A Simple Guide to Understanding Ethereum and Buying Ether

Lately there has been a lot of talk about a new cryptocurrency in the community – Ether. In order to understand what Ether exactly is, we first need to understand Ethereum.

What is Ethereum?

Ethereum is a cryptocurrency and a blockchain platform with smart contract functionality. It’s basically a decentralized platform for developers to build apps on top of and it was invented by Vitalik Buterin in 2013.

Ethereum can be used to codify, decentralized, secure and trade just about anything: voting, domain names, financial exchanges, crowdfunding, company governance, contracts and agreements of most kind, intellectual property.

But what does all of this have to do with Ether?

Well, Ether is the currency of the Etherium platform. Ether will be required by anyone wishing to build upon or use the Ethereum platform. Just like BItcoin, Ether can be traded around the web and mined. In a second I’ll show you exactly where you can buy it.

The total supply of ether and its rate of issuance was decided by the donations gathered on the 2014 presale of the currency. The results were roughly:

  • 60 million ether created to contributors of the presale
  • 12 Million (20% of the above) were created to the development fund, most of it going to early contributors and developers and the remaining to the Ethereum Foundation
  • 5 ethers are created every block (roughly 15-17 seconds) to the miner of the block
  • 2-3 ethers are sometimes sent to another miner if they were also able to find a solution but his block wasn’t included (called uncle/aunt reward)

The founders of Ethereum state that Ether is not a currency as much as it is “crypto-fuel”, meaning it’s a token that has one main use – to pay for the Ethereum platform.
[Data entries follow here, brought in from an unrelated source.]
(* The functor $\mathcal{M}\colon\mathbb{O}\to\mathbf{Set}$ preserves pullbacks.
   Context: Fix a set $Act$ of action labels, an infinite set $\mathcal{E}$ of event names and a set $S$ of places. An $Act$-labelled poset is $O=(X_O,\preccurlyeq_O,l_O)$, $X_O\subseteq\mathcal{E}$, with partial order $\preccurlyeq_O$ and $l_O\colon X_O\to Act$; $|O|=\{(x,l_O(x))\}$. Morphisms preserve order and labels (acting on labelled events by $\sigma(x_a)=\sigma(x)_a$); order-embeddings additionally reflect order. $\mathbb{O}$ is the category whose objects are chosen representatives of the isomorphism classes of finite $Act$-labelled posets (abstract posets) and whose morphisms are order-embeddings. For $K\subseteq|O|$, $K$ is down-closed if $y\in K$, $x\preccurlyeq_O y$ imply $x\in K$, and $\downarrow_O K=\{y\in|O|:\exists x\in K,\ y\preccurlyeq_O x\}$. A causal marking is a finite set $c$ of pairs $K\vdash s$ with $s\in S$ and $K$ a finite subset of $\mathcal{E}\times Act$; $c\sigma=\{\sigma(K)\vdash s\}$ and $\downarrow_O c=\{\downarrow_O K\vdash s: K\vdash s\in c\}$. $O\rhd c$ is a P-marking if every cause set of $c$ is a down-closed subset of $|O|$. The presheaf of P-markings $\mathcal{M}\colon\mathbb{O}\to\mathbf{Set}$ is $\mathcal{M}(O)=\{c: O\rhd c\text{ is a P-marking}\}$ and, for $\sigma\colon O\to O'$, $\mathcal{M}(\sigma)(c)=\downarrow_{O'}(c\sigma)$. *)

theory Defs
  imports Main
begin

(* An Act-labelled poset T = (X_O, order, labelling); event names of type 'e, actions 'a.
   The order is a relation on X_O; the labelling is made extensional (undefined outside X_O)
   so that equal posets are equal as HOL values. *)
type_synonym ('e,'a) lposet = "'e set \<times> ('e \<times> 'e) set \<times> ('e \<Rightarrow> 'a)"

definition evs :: "('e,'a) lposet \<Rightarrow> 'e set" where "evs T = fst T"
definition ord :: "('e,'a) lposet \<Rightarrow> ('e \<times> 'e) set" where "ord T = fst (snd T)"
definition lab :: "('e,'a) lposet \<Rightarrow> 'e \<Rightarrow> 'a" where "lab T = snd (snd T)"

definition wf_lposet :: "('e,'a) lposet \<Rightarrow> bool" where
  "wf_lposet T \<longleftrightarrow>
     ord T \<subseteq> evs T \<times> evs T \<and>
     (\<forall>x\<in>evs T. (x,x) \<in> ord T) \<and>
     (\<forall>x y z. (x,y) \<in> ord T \<longrightarrow> (y,z) \<in> ord T \<longrightarrow> (x,z) \<in> ord T) \<and>
     (\<forall>x y. (x,y) \<in> ord T \<longrightarrow> (y,x) \<in> ord T \<longrightarrow> x = y) \<and>
     (\<forall>x. x \<notin> evs T \<longrightarrow> lab T x = undefined)"

definition finite_lposet :: "('e,'a) lposet \<Rightarrow> bool" where
  "finite_lposet T \<longleftrightarrow> wf_lposet T \<and> finite (evs T)"

definition levs :: "('e,'a) lposet \<Rightarrow> ('e \<times> 'a) set" where
  "levs T = {(x, lab T x) | x. x \<in> evs T}"

definition oemb :: "('e,'a) lposet \<Rightarrow> ('e,'a) lposet \<Rightarrow> ('e \<Rightarrow> 'e) \<Rightarrow> bool" where
  "oemb T T' \<sigma> \<longleftrightarrow>
     (\<forall>x\<in>evs T. \<sigma> x \<in> evs T') \<and>
     (\<forall>x\<in>evs T. lab T' (\<sigma> x) = lab T x) \<and>
     (\<forall>x\<in>evs T. \<forall>y\<in>evs T. (x,y) \<in> ord T \<longleftrightarrow> (\<sigma> x, \<sigma> y) \<in> ord T')"

(* equality of morphisms out of T (they are functions on X_O) *)
definition meq :: "('e,'a) lposet \<Rightarrow> ('e \<Rightarrow> 'e) \<Rightarrow> ('e \<Rightarrow> 'e) \<Rightarrow> bool" where
  "meq T f g \<longleftrightarrow> (\<forall>x\<in>evs T. f x = g x)"

definition lposet_iso :: "('e,'a) lposet \<Rightarrow> ('e,'a) lposet \<Rightarrow> bool" where
  "lposet_iso T T' \<longleftrightarrow> (\<exists>\<sigma> \<tau>. oemb T T' \<sigma> \<and> oemb T' T \<tau> \<and>
       meq T (\<tau> \<circ> \<sigma>) id \<and> meq T' (\<sigma> \<circ> \<tau>) id)"

(* Reps is a choice of representatives of the isomorphism classes of finite labelled posets:
   the objects of the category \<T>. *)
definition is_rep_choice :: "('e,'a) lposet set \<Rightarrow> bool" where
  "is_rep_choice Reps \<longleftrightarrow>
     (\<forall>T\<in>Reps. finite_lposet T) \<and>
     (\<forall>T. finite_lposet T \<longrightarrow> (\<exists>!R. R \<in> Reps \<and> lposet_iso T R))"

definition is_pullback_O ::
  "('e,'a) lposet set \<Rightarrow> ('e,'a) lposet \<Rightarrow> ('e,'a) lposet \<Rightarrow> ('e,'a) lposet \<Rightarrow> ('e,'a) lposet \<Rightarrow>
   ('e \<Rightarrow> 'e) \<Rightarrow> ('e \<Rightarrow> 'e) \<Rightarrow> ('e \<Rightarrow> 'e) \<Rightarrow> ('e \<Rightarrow> 'e) \<Rightarrow> bool" where
  "is_pullback_O Reps P B C D p1 p2 h k \<longleftrightarrow>
     P \<in> Reps \<and> B \<in> Reps \<and> C \<in> Reps \<and> D \<in> Reps \<and>
     oemb P B p1 \<and> oemb P C p2 \<and> oemb B D h \<and> oemb C D k \<and>
     meq P (h \<circ> p1) (k \<circ> p2) \<and>
     (\<forall>Q\<in>Reps. \<forall>q1 q2. oemb Q B q1 \<and> oemb Q C q2 \<and> meq Q (h \<circ> q1) (k \<circ> q2) \<longrightarrow>
        (\<exists>u. oemb Q P u \<and> meq Q (p1 \<circ> u) q1 \<and> meq Q (p2 \<circ> u) q2 \<and>
             (\<forall>v. oemb Q P v \<and> meq Q (p1 \<circ> v) q1 \<and> meq Q (p2 \<circ> v) q2 \<longrightarrow> meq Q u v)))"

(* Causal markings: finite sets of pairs K \<turnstile> s *)
type_synonym ('e,'a,'s) cmarking = "(('e \<times> 'a) set \<times> 's) set"

definition down_closed :: "('e,'a) lposet \<Rightarrow> ('e \<times> 'a) set \<Rightarrow> bool" where
  "down_closed T K \<longleftrightarrow> (\<forall>y\<in>K. \<forall>x\<in>levs T. (fst x, fst y) \<in> ord T \<longrightarrow> x \<in> K)"

definition down :: "('e,'a) lposet \<Rightarrow> ('e \<times> 'a) set \<Rightarrow> ('e \<times> 'a) set" where
  "down T K = {y \<in> levs T. \<exists>x\<in>K. (fst y, fst x) \<in> ord T}"

definition down_m :: "('e,'a) lposet \<Rightarrow> ('e,'a,'s) cmarking \<Rightarrow> ('e,'a,'s) cmarking" where
  "down_m T c = {(down T K, s) | K s. (K, s) \<in> c}"

definition lmap :: "('e \<Rightarrow> 'e) \<Rightarrow> 'e \<times> 'a \<Rightarrow> 'e \<times> 'a" where
  "lmap \<sigma> xa = (\<sigma> (fst xa), snd xa)"

definition cren :: "('e \<Rightarrow> 'e) \<Rightarrow> ('e,'a,'s) cmarking \<Rightarrow> ('e,'a,'s) cmarking" where
  "cren \<sigma> c = {(lmap \<sigma> ` K, s) | K s. (K, s) \<in> c}"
This means that you probably won’t be able to buy stuff with Ether online. However you can still trade it and invest in it in hopes its price goes up.

Because Ether is less “mature” than Bitcoin at the moment, it’s less suitable for non technical people. For example, you can download Ether’s official wallet app from github, but there’s no “user friendly” version of it yet. There’s also MyEtherWallet and EthereumWallet available with a simple interface.

How to buy Ether (credit card, wire transfer and cash)

At the moment you can get Ether from several Bitcoin exchanges like Kraken, poloniex and shapeshift.io. You can also buy Ether directly from brokers like Coinmama and Coinhouse using simpler payment methods like credit cards.

Mining Ether uses proof-of-work. It’s similar to Bitcoin mining in a sense that there is a diminishing block reward for every block mined.

You can try mining Ether using your own computer (CPU mining), but it will probably not get you too far. However, if you have a dedicated GPU set up for the task then you can get some real rewards. For information on exactly how to mine Ether visit Ethereum’s official web page.

Ether and Ethereum in General are disruptive technologies that are set to change how the Internet works. Whether it succeeds or not remains to be seen, but for now you can easily get your share of “the Internet’s future” by following the steps mentioned above.